Activity: Lines from the listing below that contain the string "circ" are to be reported.

Dataset:
lemma exists_edge_walk:
  assumes ig: "ideal_gluing T gl sg" and tE: "(t, E) \<in> tet_edges T"
  obtains c Es where "fst (c 0) = t" "Es 0 = E" "edge_walk T gl sg c Es"
proof -
  define P where "P n w \<longleftrightarrow> (fst (fst w), snd w) \<in> tet_edges T \<and> snd (fst w) < 4 \<and>
    snd (fst w) \<notin> snd w \<and> (n = 0 \<longrightarrow> fst (fst w) = t \<and> snd w = E)"
    for n :: nat and w :: "('a \<times> nat) \<times> nat set"
  define Q where "Q w w' \<longleftrightarrow> fst (fst w') = fst (gl (fst w)) \<and> snd w' = sg (fst w) ` snd w \<and>
    fst w' \<noteq> gl (fst w)"
    for w w' :: "('a \<times> nat) \<times> nat set"
  have "\<exists>w. P 0 w"
  proof -
    obtain g where "g < 4" "g \<notin> E"
      using exists_free_face[of E 0] tE by (auto simp: tet_edges_def)
    then show ?thesis
      using tE by (intro exI[of _ "((t, g), E)"]) (simp add: P_def)
  qed
  moreover have "\<exists>w'. P (Suc n) w' \<and> Q w w'" if "P n w" for n w
  proof -
    obtain u i F where w: "w = ((u, i), F)"
      by (metis prod.collapse)
    have uF: "(u, F) \<in> tet_edges T" "i < 4" "i \<notin> F"
      using that w by (simp_all add: P_def)
    let ?F' = "sg (u, i) ` F"
    have F': "(fst (gl (u, i)), ?F') \<in> tet_edges T"
      by (rule tet_edges_gluing_image[OF ig uF(1,2)])
    obtain g where g: "g < 4" "g \<notin> ?F'" "g \<noteq> snd (gl (u, i))"
      using exists_free_face[of ?F' "snd (gl (u, i))"] F' by (auto simp: tet_edges_def)
    have "P (Suc n) ((fst (gl (u, i)), g), ?F') \<and> Q w ((fst (gl (u, i)), g), ?F')"
      using F' g w by (auto simp: P_def Q_def prod_eq_iff)
    then show ?thesis
      by blast
  qed
  ultimately obtain f where f: "\<And>n. P n (f n) \<and> Q (f n) (f (Suc n))"
    using dependent_nat_choice[of P "\<lambda>_. Q"] by blast
  show ?thesis
    by (rule that[of "fst \<circ> f" "snd \<circ> f"]) (use f in \<open>simp_all add: P_def Q_def edge_walk_def\<close>)
qed

lemma edge_walk_darts:
  assumes ig: "ideal_gluing T gl sg" and walk: "edge_walk T gl sg c Es"
  shows "c j \<in> T \<times> {..<4}" "gl (c j) \<in> T \<times> {..<4}"
    "fst (gl (c j)) \<noteq> fst (c j)" "gl (gl (c j)) = c j"
proof -
  obtain u i where cj: "c j = (u, i)"
    by force
  have "u \<in> T" "i < 4"
    using walk cj by (auto simp: edge_walk_def tet_edges_def dest: spec[of _ j])
  from ideal_gluingD[OF ig this] show "c j \<in> T \<times> {..<4}" "gl (c j) \<in> T \<times> {..<4}"
    "fst (gl (c j)) \<noteq> fst (c j)" "gl (gl (c j)) = c j"
    using cj \<open>u \<in> T\<close> \<open>i < 4\<close> by (simp_all add: mem_Times_iff)
qed

lemma edge_walk_face_crossing_walk:
  assumes "ideal_gluing T gl sg" "edge_walk T gl sg c Es"
  shows "face_crossing_walk gl fst c"
  using edge_walk_darts[OF assms] assms(2) by unfold_locales (simp_all add: edge_walk_def)

definition walk_sheet :: "('d \<Rightarrow> 'd) \<Rightarrow> (nat \<Rightarrow> 'd) \<Rightarrow> ('d \<Rightarrow> 3) \<Rightarrow> nat \<Rightarrow> 'd \<Rightarrow> 3" where
  "walk_sheet \<sigma> c s j y = s y + (\<Sum>i<j. dart_voltage \<sigma> (c i) y)"

lemma walk_sheet_Suc:
  "walk_sheet \<sigma> c s (Suc j) = (\<lambda>y. walk_sheet \<sigma> c s j y + dart_voltage \<sigma> (c j) y)"
  by (simp add: walk_sheet_def add.assoc fun_eq_iff)

lemma walk_sheet_diff:
  "a \<le> b \<Longrightarrow> walk_sheet \<sigma> c s b y - walk_sheet \<sigma> c s a y = (\<Sum>i\<in>{a..<b}. dart_voltage \<sigma> (c i) y)"
  using sum_diff_nat_ivl[of 0 a b "\<lambda>i. dart_voltage \<sigma> (c i) y"]
  by (simp add: walk_sheet_def atLeast0LessThan)

lemma edge_walk_sheets:
  assumes ig: "ideal_gluing T gl sg" and walk: "edge_walk T gl sg c Es"
    and s: "s \<in> sheets (T \<times> {..<4})"
  shows "walk_sheet gl c s j \<in> sheets (T \<times> {..<4})"
proof (induction j)
  case 0
  then show ?case
    using s by (simp add: walk_sheet_def fun_eq_iff)
next
  case (Suc j)
  from sheets_add_voltage[where \<sigma> = gl, OF Suc edge_walk_darts(1,2)[OF ig walk]] show ?case
    by (simp only: walk_sheet_Suc)
qed

lemma edge_walk_lift:
  assumes ig: "ideal_gluing T gl sg" and walk: "edge_walk T gl sg c Es"
    and s: "s \<in> sheets (T \<times> {..<4})"
  shows "(((fst (c 0), s), Es 0), ((fst (c j), walk_sheet gl c s j), Es j))
    \<in> (edge_rel (cover_tets T) (cover_gl gl) (cover_sg sg))\<^sup>*"
proof (induction j)
  case 0
  have "walk_sheet gl c s 0 = s"
    by (simp add: walk_sheet_def fun_eq_iff)
  then show ?case
    by simp
next
  case (Suc j)
  have "((fst (c j), walk_sheet gl c s j), Es j) \<in> tet_edges (cover_tets T)"
    using walk edge_walk_sheets[OF ig walk s]
    by (simp add: edge_walk_def tet_edges_def cover_tets_def)
  from edge_relI[OF this, of "snd (c j)" "cover_gl gl" "cover_sg sg"]
  have "(((fst (c j), walk_sheet gl c s j), Es j),
      ((fst (c (Suc j)), walk_sheet gl c s (Suc j)), Es (Suc j)))
      \<in> edge_rel (cover_tets T) (cover_gl gl) (cover_sg sg)"
    using walk by (simp add: edge_walk_def walk_sheet_Suc)
  with Suc show ?case
    by (rule rtrancl_into_rtrancl)
qed

lemma edge_index_cover_tets_ge_6:
  assumes ig: "ideal_gluing T gl sg" and x: "x \<in> tet_edges (cover_tets T)"
  shows "6 \<le> edge_index (cover_tets T) (cover_gl gl) (cover_sg sg) x"
proof -
  obtain t s E where x_eq: "x = ((t, s), E)" and s: "s \<in> sheets (T \<times> {..<4})"
    and tE: "(t, E) \<in> tet_edges T"
    using x by (auto simp: tet_edges_def cover_tets_def)
  obtain c Es where c0: "fst (c 0) = t" "Es 0 = E" and walk: "edge_walk T gl sg c Es"
    using exists_edge_walk[OF ig tE] .
  interpret face_crossing_walk gl fst c
    by (rule edge_walk_face_crossing_walk[OF ig walk])
  define node where "node j = ((fst (c j), walk_sheet gl c s j), Es j)" for j
  have distinct: "node a \<noteq> node b" if "a < b" "b \<le> 5" for a b
  proof
    assume "node a = node b"
    then have "(\<Sum>i\<in>{a..<b}. dart_voltage gl (c i) y) = 0" for y
      using walk_sheet_diff[of a b gl c s y] that by (simp add: node_def)
    then show False
      using voltage_sum_nonzero[of a b] that by simp
  qed
  have "inj_on node {..<6}"
  proof (rule inj_onI)
    fix a b assume "a \<in> {..<6}" "b \<in> {..<6}" "node a = node b"
    then show "a = b"
      using distinct[of a b] distinct[of b a] by (cases a b rule: linorder_cases) auto
  qed
  then have "card (node ` {..<6}) = 6"
    by (simp add: card_image)
  moreover have "node ` {..<6} \<subseteq> (edge_rel (cover_tets T) (cover_gl gl) (cover_sg sg))\<^sup>* `` {x}"
    using edge_walk_lift[OF ig walk s] by (auto simp: node_def x_eq c0)
  ultimately show ?thesis
    unfolding edge_index_def
    by (metis card_mono finite_edge_class[OF ideal_gluing_cover[OF ig] x])
qed

theorem proposition3p9:
  fixes T :: "'a set" and gl :: "'a \<times> nat \<Rightarrow> 'a \<times> nat" and sg :: "'a \<times> nat \<Rightarrow> nat \<Rightarrow> nat"
  assumes "triangulated_ideal_3mfd T gl sg"
  shows "\<exists>(T' :: nat set) gl' sg' p.
           triangulated_ideal_3mfd T' gl' sg' \<and>
           branched_cover T' gl' sg' T gl sg p \<and>
           (\<forall>x\<in>tet_edges T'. edge_index T' gl' sg' x \<ge> 6)"
proof -
  let ?C = "cover_tets T" and ?gl = "cover_gl gl" and ?sg = "cover_sg sg"
  have ig: "ideal_gluing T gl sg"
    using assms by (simp add: triangulated_ideal_3mfd_def)
  then have igC: "ideal_gluing ?C ?gl ?sg"
    by (rule ideal_gluing_cover)
  then obtain f :: "_ \<Rightarrow> nat" where f: "inj_on f ?C"
    using finite_imp_inj_to_nat_seg by (metis ideal_gluing_def)
  let ?gl' = "relabel_gl f ?C ?gl" and ?sg' = "relabel_sg f ?C ?sg"
  have ig': "ideal_gluing (f ` ?C) ?gl' ?sg'"
    by (rule ideal_gluing_relabel[OF igC f])
  have relabel: "branched_cover (f ` ?C) ?gl' ?sg' ?C ?gl ?sg (inv_into ?C f)"
    by (rule branched_cover_relabel[OF igC f])
  have bc: "branched_cover (f ` ?C) ?gl' ?sg' T gl sg (fst \<circ> inv_into ?C f)"
    by (rule branched_cover_comp[OF relabel branched_cover_cover_tets])
  have "\<forall>x\<in>tet_edges (f ` ?C). 6 \<le> edge_index (f ` ?C) ?gl' ?sg' x"
    using edge_index_bound_cover[OF ig' relabel] edge_index_cover_tets_ge_6[OF ig] by blast
  then show ?thesis
    using triangulated_ideal_3mfd_cover[OF ig' bc assms] bc by blast
qed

Task response:
    by (rule that[of "fst \<circ> f" "snd \<circ> f"]) (use f in \<open>simp_all add: P_def Q_def edge_walk_def\<close>)
  have bc: "branched_cover (f ` ?C) ?gl' ?sg' T gl sg (fst \<circ> inv_into ?C f)"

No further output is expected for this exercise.